At the basis of our problem is that it’s considered communistic, or worse, to suggest that some forms of commercial activity ought not to take place. We must have progress! If we don’t go forward, we will go backward! We need jobs! Pipelines and tankers bring money into the public coffers to spend on social issues!. You know how it goes.
Are these things, these shibboleths of commerce true? Must we do whatever it takes and accept environmental catastrophes in order to live decently? Surely this is a debate we should be having.
Homo Sapiens is a strange character. The very same people who are indifferent to oil spills and tanker accidents – or at least not enraged about them – when they don’t happen close to home would rise as one, pikes in hand, if anyone suggested clear-cutting Stanley Park because of the jobs it would create and the money all the fairgrounds and theme parks would make. No one would stand for it!
And look at the horror in this neck of the woods when a Fraser River salmon run is in trouble. We are indifferent to these things when they happen elsewhere, and the further elsewhere, the greater the indifference.
As Dr. Donne said, “No man is an island unto itself…Therefore never send to know for whom the bells tolls; it tolls for thee." It was true 500 years ago and true today. A catastrophe is a catastrophe no matter where it happens.

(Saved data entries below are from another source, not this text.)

definition is_gradient :: "nat \<Rightarrow> ((nat \<Rightarrow> real) \<Rightarrow> real) \<Rightarrow> ((nat \<Rightarrow> real) \<Rightarrow> (nat \<Rightarrow> real)) \<Rightarrow> bool" where
  "is_gradient d fn gr \<longleftrightarrow>
     (\<forall>x\<in>Rd d. gr x \<in> Rd d \<and>
        (\<forall>\<epsilon>>0. \<exists>\<delta>>0. \<forall>h\<in>Rd d. 0 < vnorm d h \<and> vnorm d h < \<delta> \<longrightarrow>
           \<bar>fn (\<lambda>j. x j + h j) - fn x - vinner d (gr x) h\<bar> \<le> \<epsilon> * vnorm d h))"

definition lipschitz_grad :: "nat \<Rightarrow> real \<Rightarrow> ((nat \<Rightarrow> real) \<Rightarrow> (nat \<Rightarrow> real)) \<Rightarrow> bool" where
  "lipschitz_grad d L gr \<longleftrightarrow>
     (\<forall>x\<in>Rd d. \<forall>y\<in>Rd d. vnorm d (\<lambda>j. gr x j - gr y j) \<le> L * vnorm d (\<lambda>j. x j - y j))"

text \<open>Step size with accumulated squared norms S = sum_{s<=t} ||nabla_s||^2.\<close>
definition ada_step :: "nat \<Rightarrow> real \<Rightarrow> real \<Rightarrow> real \<Rightarrow> real" where
  "ada_step n \<beta>0 G0 S = 1 / (root 4 (real n) * \<beta>0 * sqrt (sqrt (real n) * G0^2 + S))"

text \<open>Component gradients g i (i < n, 0-based), full gradient gf,
  index sequence \<omega> (\<omega> t is the index i_t drawn at step t).
  adaspider ... t = (x_t, x_{t+1}, nabla_t, sum_{s<=t} ||nabla_s||^2).\<close>
fun adaspider :: "nat \<Rightarrow> nat \<Rightarrow> ((nat \<Rightarrow> real) \<Rightarrow> (nat \<Rightarrow> real))
    \<Rightarrow> (nat \<Rightarrow> (nat \<Rightarrow> real) \<Rightarrow> (nat \<Rightarrow> real)) \<Rightarrow> real \<Rightarrow> real \<Rightarrow> (nat \<Rightarrow> real)
    \<Rightarrow> (nat \<Rightarrow> nat) \<Rightarrow> nat
    \<Rightarrow> (nat \<Rightarrow> real) \<times> (nat \<Rightarrow> real) \<times> (nat \<Rightarrow> real) \<times> real" where
  "adaspider n d gf g \<beta>0 G0 x0 \<omega> 0 =
     (let D = gf x0; S = (vnorm d D)^2; \<gamma> = ada_step n \<beta>0 G0 S
      in (x0, (\<lambda>j. x0 j - \<gamma> * D j), D, S))"
| "adaspider n d gf g \<beta>0 G0 x0 \<omega> (Suc t) =
     (case adaspider n d gf g \<beta>0 G0 x0 \<omega> t of (xp, x, D, S) \<Rightarrow>
       (let D' = (if Suc t mod n = 0 then gf x
                  else (\<lambda>j. g (\<omega> (Suc t)) x j - g (\<omega> (Suc t)) xp j + D j));
            S' = S + (vnorm d D')^2;
            \<gamma> = ada_step n \<beta>0 G0 S'
        in (x, (\<lambda>j. x j - \<gamma> * D' j), D', S')))"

An excellent illustration is airplane travel. Flying is a risk you can calculate on a flight by flight basis but plane crashes are a certainty.
I wish there was an easier, more comfortable answer but we must accept, with pipelines and tankers, the certainty of a calamitous spill. In light of that, are the economic rewards such that we will bear that burden?
This is not our oil being to be transported over our pristine wilderness and down our beautiful and hazardous coastline. We get no royalties.
Employment? Only while the pipelines are being built and then mostly by out-of-province labour forces “skilled” at this work. The head offices will remain elsewhere.
Our compensation will be rental of the right-of-way.
I would oppose these pipeline/tanker plans, even if we were getting lots of employment and money, as being a lousy trade-off between environmental catastrophe and money.
I think, however, that the issue is straightforward: are we prepared to permit oil spills in exchange for money (in this case, negligible)?
Is this the legacy we wish to leave?